▶ **AIM OF THE EXERCISE**
Once the line with "real^3 \<Rightarrow> real^3 \<Rightarrow> real^3" is found in the entries below, print it and each following line exactly, stopping after the line with "x)\<^sup>2 = 1"; print nothing else.

▶ **MATERIAL TO PROCESS**
*** Block opens ***

(* Let $p,q,p',q'\in\mathbb{R}^3$ satisfy $p^\mu+q^\mu=p'^\mu+q'^\mu$. If $\bar g<1$, then $q'^0\approx q^0$ and $p'^0\approx p^0$ with absolute implicit constants. In particular, if $2^{-k-1}\le\bar g\le 2^{-k}$ for some integer $k>0$, then $p^0\le\sqrt5\,p'^0$ and $p'^0\le\sqrt5\,p^0$.
   Context: For $p\in\mathbb{R}^3$, $p^0=\sqrt{1+|p|^2}$, $p^\mu=(p^0,p)$, $p^\mu q_\mu=-p^0q^0+p\cdot q$, and $\bar g=g(p'^\mu,p^\mu)=\sqrt{2(-p'^\mu p_\mu-1)}$. *)

theory Defs
  imports "HOL-Analysis.Analysis"
begin

text \<open>Energy p^0 = sqrt(1 + |p|^2) of a momentum p in R^3.\<close>
definition energy :: "real^3 \<Rightarrow> real" where
  "energy p = sqrt (1 + (norm p)\<^sup>2)"

text \<open>Minkowski product p'^mu p_mu = - p'^0 p^0 + p' . p (signature -+++).\<close>
definition mink :: "real^3 \<Rightarrow> real^3 \<Rightarrow> real" where
  "mink p' p = - energy p' * energy p + p' \<bullet> p"

definition gbar :: "real^3 \<Rightarrow> real^3 \<Rightarrow> real" where
  "gbar p' p = sqrt (2 * (- mink p' p - 1))"

definition conserv :: "real^3 \<Rightarrow> real^3 \<Rightarrow> real^3 \<Rightarrow> real^3 \<Rightarrow> bool" where
  "conserv p q p' q' \<longleftrightarrow>
     energy p + energy q = energy p' + energy q' \<and> p + q = p' + q'"

end

theory Submission
  imports Defs
begin

text \<open>Both \<open>gbar p' p\<close> and \<open>gbar q' q\<close> equal the Minkowski length of the momentum transfer
  \<open>p - p' = q' - q\<close>, so it suffices to compare \<open>p'\<^sup>0\<close> with \<open>p\<^sup>0\<close>. The reverse Cauchy-Schwarz
  inequality for future timelike vectors gives \<open>(p\<^sup>0)\<^sup>2 + (p'\<^sup>0)\<^sup>2 \<le> (2 + gbar\<^sup>2) p\<^sup>0 p'\<^sup>0\<close>, so the
  ratio \<open>r = p'\<^sup>0 / p\<^sup>0\<close> satisfies \<open>r + 1/r \<le> 2 + gbar\<^sup>2\<close>; for \<open>gbar < 1\<close> this forces \<open>r \<le> 3\<close>,
  for \<open>gbar \<le> 1/2\<close> it forces \<open>r \<le> 2 < sqrt 5\<close>.\<close>

lemma energy_ge_one: "1 \<le> energy x"
  unfolding energy_def by simp

lemma energy_sq: "(energy x)\<^sup>2 = 1 + (norm x)\<^sup>2"
  unfolding energy_def by simp

lemma neg_mink_ge_one: "1 \<le> - mink x y"
proof -
  define a b where "a = energy x" and "b = energy y"
  have "(norm x * norm y)\<^sup>2 = (a\<^sup>2 - 1) * (b\<^sup>2 - 1)"
    by (simp add: a_def b_def energy_sq power_mult_distrib)
  also have "\<dots> = (a * b - 1)\<^sup>2 - (a - b)\<^sup>2"
    by (simp add: power2_eq_square algebra_simps)
  finally have "(norm x * norm y)\<^sup>2 \<le> (a * b - 1)\<^sup>2"
    by simp
  moreover have "1 \<le> a * b"
    using mult_mono[of 1 a 1 b] energy_ge_one[of x] energy_ge_one[of y] by (simp add: a_def b_def)
  ultimately have "norm x * norm y \<le> a * b - 1"
    by (simp add: power2_le_iff_abs_le)
  moreover have "x \<bullet> y \<le> norm x * norm y"
    by (rule norm_cauchy_schwarz)
  ultimately show ?thesis
    by (simp add: mink_def a_def b_def)
qed

lemma sum_sq_energy_le:
  "(energy x)\<^sup>2 + (energy y)\<^sup>2 \<le> 2 * (- mink x y) * (energy x * energy y)"
proof -
  define a b c where "a = energy x" and "b = energy y" and "c = - mink x y"
  have a: "1 \<le> a" and b: "1 \<le> b" and c: "1 \<le> c"
    using energy_ge_one neg_mink_ge_one by (auto simp: a_def b_def c_def)
  have "a\<^sup>2 + b\<^sup>2 \<le> 2 * c * (a * b)"
  proof (cases "a * b \<le> c")
    case True
    have "a\<^sup>2 \<le> (a * b)\<^sup>2" and "b\<^sup>2 \<le> (a * b)\<^sup>2"
      using a b mult_mono[of 1 a 1 b] by (simp_all add: power_mono)
    then have "a\<^sup>2 + b\<^sup>2 \<le> 2 * (a * b) * (a * b)"
      by (simp add: power2_eq_square)
    also have "\<dots> \<le> 2 * c * (a * b)"
      using True a b by simp
    finally show ?thesis .
  next
    case False
    have "a * b - c \<le> norm x * norm y"
      using norm_cauchy_schwarz[of x y] by (simp add: a_def b_def c_def mink_def)
    then have "(a * b - c)\<^sup>2 \<le> (norm x * norm y)\<^sup>2"
      using False by (intro power_mono) auto
    also have "\<dots> = (a\<^sup>2 - 1) * (b\<^sup>2 - 1)"
      by (simp add: a_def b_def energy_sq power_mult_distrib)
    finally have "a\<^sup>2 + b\<^sup>2 \<le> 2 * c * (a * b) + 1 - c\<^sup>2"
      by (simp add: power2_eq_square algebra_simps)
    then show ?thesis
      using mult_mono[of 1 c 1 c] c by (simp add: power2_eq_square)
  qed
  then show ?thesis
    by (simp add: a_def b_def c_def)
qed

lemma le_mult_if_sum_sq_le:
  fixes a b t :: real
  assumes "0 \<le> b" "1 \<le> t" "a\<^sup>2 + b\<^sup>2 \<le> (t + 1 / t) * (a * b)"
  shows "a \<le> t * b"
proof (rule ccontr)
  assume "\<not> a \<le> t * b"
  then have gt: "t * b < a"
    by simp
  have "1 \<le> t * t"
    using assms(2) mult_mono[of 1 t 1 t] by simp
  then have "b \<le> t * (t * b)"
    using mult_right_mono[of 1 "t * t" b] assms(1) by simp
  also have "\<dots> < t * a"
    using gt assms(2) by simp
  finally have "0 < (t * a - b) * (a - t * b)"
    using gt by simp
  also have "\<dots> = t * (a\<^sup>2 + b\<^sup>2) - t * (t + 1 / t) * (a * b)"
    using assms(2) by (simp add: power2_eq_square field_simps)
  finally show False
    using assms(2,3) mult_left_mono[OF assms(3), of t] by simp
qed

lemma gbar_nonneg: "0 \<le> gbar x y"
  using neg_mink_ge_one[of x y] by (simp add: gbar_def)

lemma gbar_sq: "(gbar x y)\<^sup>2 = 2 * (- mink x y - 1)"
  using neg_mink_ge_one[of x y] by (simp add: gbar_def)

lemma gbar_eq_sqrt_diff:
  "gbar x y = sqrt ((norm (x - y))\<^sup>2 - (energy x - energy y)\<^sup>2)"
proof -
  have "(norm (x - y))\<^sup>2 = (norm x)\<^sup>2 - 2 * (x \<bullet> y) + (norm y)\<^sup>2"
    by (simp add: power2_norm_eq_inner inner_diff inner_commute)
  moreover have "(energy x - energy y)\<^sup>2 = 2 + (norm x)\<^sup>2 + (norm y)\<^sup>2 - 2 * (energy x * energy y)"
    by (simp add: power2_diff energy_sq)
  ultimately show ?thesis
    by (simp add: gbar_def mink_def algebra_simps)
qed

lemma gbar_commute: "gbar x y = gbar y x"
  by (simp add: gbar_eq_sqrt_diff norm_minus_commute power2_commute)

lemma gbar_conserv:
  assumes "conserv p q p' q'"
  shows "gbar q' q = gbar p' p"
proof -
  have "q' - q = p - p'" and "energy q' - energy q = energy p - energy p'"
    using assms by (auto simp: conserv_def algebra_simps)
  then have "gbar q' q = gbar p p'"
    by (simp add: gbar_eq_sqrt_diff)
  then show ?thesis
    by (simp add: gbar_commute)
qed

lemma energy_le_mult_energy:
  assumes "1 \<le> t" "2 + (gbar x y)\<^sup>2 \<le> t + 1 / t"
  shows "energy x \<le> t * energy y"
proof (rule le_mult_if_sum_sq_le)
  have "0 \<le> energy x * energy y"
    using energy_ge_one[of x] energy_ge_one[of y] by simp
  then have "2 * (- mink x y) * (energy x * energy y) \<le> (t + 1 / t) * (energy x * energy y)"
    using assms(2) by (intro mult_right_mono) (simp_all add: gbar_sq)
  then show "(energy x)\<^sup>2 + (energy y)\<^sup>2 \<le> (t + 1 / t) * (energy x * energy y)"
    using sum_sq_energy_le[of x y] by linarith
qed (use assms(1) energy_ge_one[of y] in auto)

lemma energy_le_3_mult_energy:
  assumes "gbar x y < 1"
  shows "energy x \<le> 3 * energy y"
proof (rule energy_le_mult_energy)
  from assms gbar_nonneg[of x y] have "(gbar x y)\<^sup>2 \<le> 1"
    by (simp add: power_le_one)
  then show "2 + (gbar x y)\<^sup>2 \<le> 3 + 1 / 3"
    by simp
qed simp

lemma energy_le_2_mult_energy:
  assumes "gbar x y \<le> 1 / 2"
  shows "energy x \<le> 2 * energy y"
proof (rule energy_le_mult_energy)
  from assms gbar_nonneg[of x y] have "(gbar x y)\<^sup>2 \<le> (1 / 2)\<^sup>2"
    by (intro power_mono)
  then show "2 + (gbar x y)\<^sup>2 \<le> 2 + 1 / 2"
    by (simp add: power_divide)
qed simp

lemma energy_le_sqrt5_mult_energy:
  assumes "gbar x y \<le> 1 / 2"
  shows "energy x \<le> sqrt 5 * energy y"
proof -
  have "2 * energy y \<le> sqrt 5 * energy y"
    using energy_ge_one[of y] by (intro mult_right_mono) (simp_all add: real_le_rsqrt)
  with energy_le_2_mult_energy[OF assms] show ?thesis
    by linarith
qed

theorem lemma3p5:
  shows "(\<exists>C>0. \<forall>p q p' q' :: real^3.
            conserv p q p' q' \<and> gbar p' p < 1 \<longrightarrow>
              energy q' \<le> C * energy q \<and> energy q \<le> C * energy q' \<and>
              energy p' \<le> C * energy p \<and> energy p \<le> C * energy p')
       \<and> (\<forall>p q p' q' :: real^3. \<forall>k::int.
            conserv p q p' q' \<and> k > 0 \<and>
            2 powr (- real_of_int k - 1) \<le> gbar p' p \<and> gbar p' p \<le> 2 powr (- real_of_int k)
            \<longrightarrow> energy p \<le> sqrt 5 * energy p' \<and> energy p' \<le> sqrt 5 * energy p)"
proof (intro conjI exI[of _ 3] allI impI; (elim conjE)?)
  fix p q p' q' :: "real^3"
  assume "conserv p q p' q'" and "gbar p' p < 1"
  then have "gbar q' q < 1" and "gbar q q' < 1" and "gbar p' p < 1" and "gbar p p' < 1"
    using gbar_conserv gbar_commute by metis+
  then show "energy q' \<le> 3 * energy q" and "energy q \<le> 3 * energy q'"
    and "energy p' \<le> 3 * energy p" and "energy p \<le> 3 * energy p'"
    by (simp_all add: energy_le_3_mult_energy)
next
  fix p q p' q' :: "real^3" and k :: int
  assume "k > 0" and "gbar p' p \<le> 2 powr (- real_of_int k)"
  moreover have "2 powr (- real_of_int k) \<le> 2 powr (- 1)"
    using \<open>k > 0\<close> by (intro powr_mono) auto
  ultimately have "gbar p' p \<le> 1 / 2" and "gbar p p' \<le> 1 / 2"
    by (simp_all add: gbar_commute powr_minus)
  then show "energy p \<le> sqrt 5 * energy p'" and "energy p' \<le> sqrt 5 * energy p"
    by (simp_all add: energy_le_sqrt5_mult_energy)
qed simp

end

*** Block closes ***

▶ **TASK SOLUTION**
definition conserv :: "real^3 \<Rightarrow> real^3 \<Rightarrow> real^3 \<Rightarrow> real^3 \<Rightarrow> bool" where
  "conserv p q p' q' \<longleftrightarrow>
     energy p + energy q = energy p' + energy q' \<and> p + q = p' + q'"

end

theory Submission
  imports Defs
begin

text \<open>Both \<open>gbar p' p\<close> and \<open>gbar q' q\<close> equal the Minkowski length of the momentum transfer
  \<open>p - p' = q' - q\<close>, so it suffices to compare \<open>p'\<^sup>0\<close> with \<open>p\<^sup>0\<close>. The reverse Cauchy-Schwarz
  inequality for future timelike vectors gives \<open>(p\<^sup>0)\<^sup>2 + (p'\<^sup>0)\<^sup>2 \<le> (2 + gbar\<^sup>2) p\<^sup>0 p'\<^sup>0\<close>, so the
  ratio \<open>r = p'\<^sup>0 / p\<^sup>0\<close> satisfies \<open>r + 1/r \<le> 2 + gbar\<^sup>2\<close>; for \<open>gbar < 1\<close> this forces \<open>r \<le> 3\<close>,
  for \<open>gbar \<le> 1/2\<close> it forces \<open>r \<le> 2 < sqrt 5\<close>.\<close>

lemma energy_ge_one: "1 \<le> energy x"
  unfolding energy_def by simp

lemma energy_sq: "(energy x)\<^sup>2 = 1 + (norm x)\<^sup>2"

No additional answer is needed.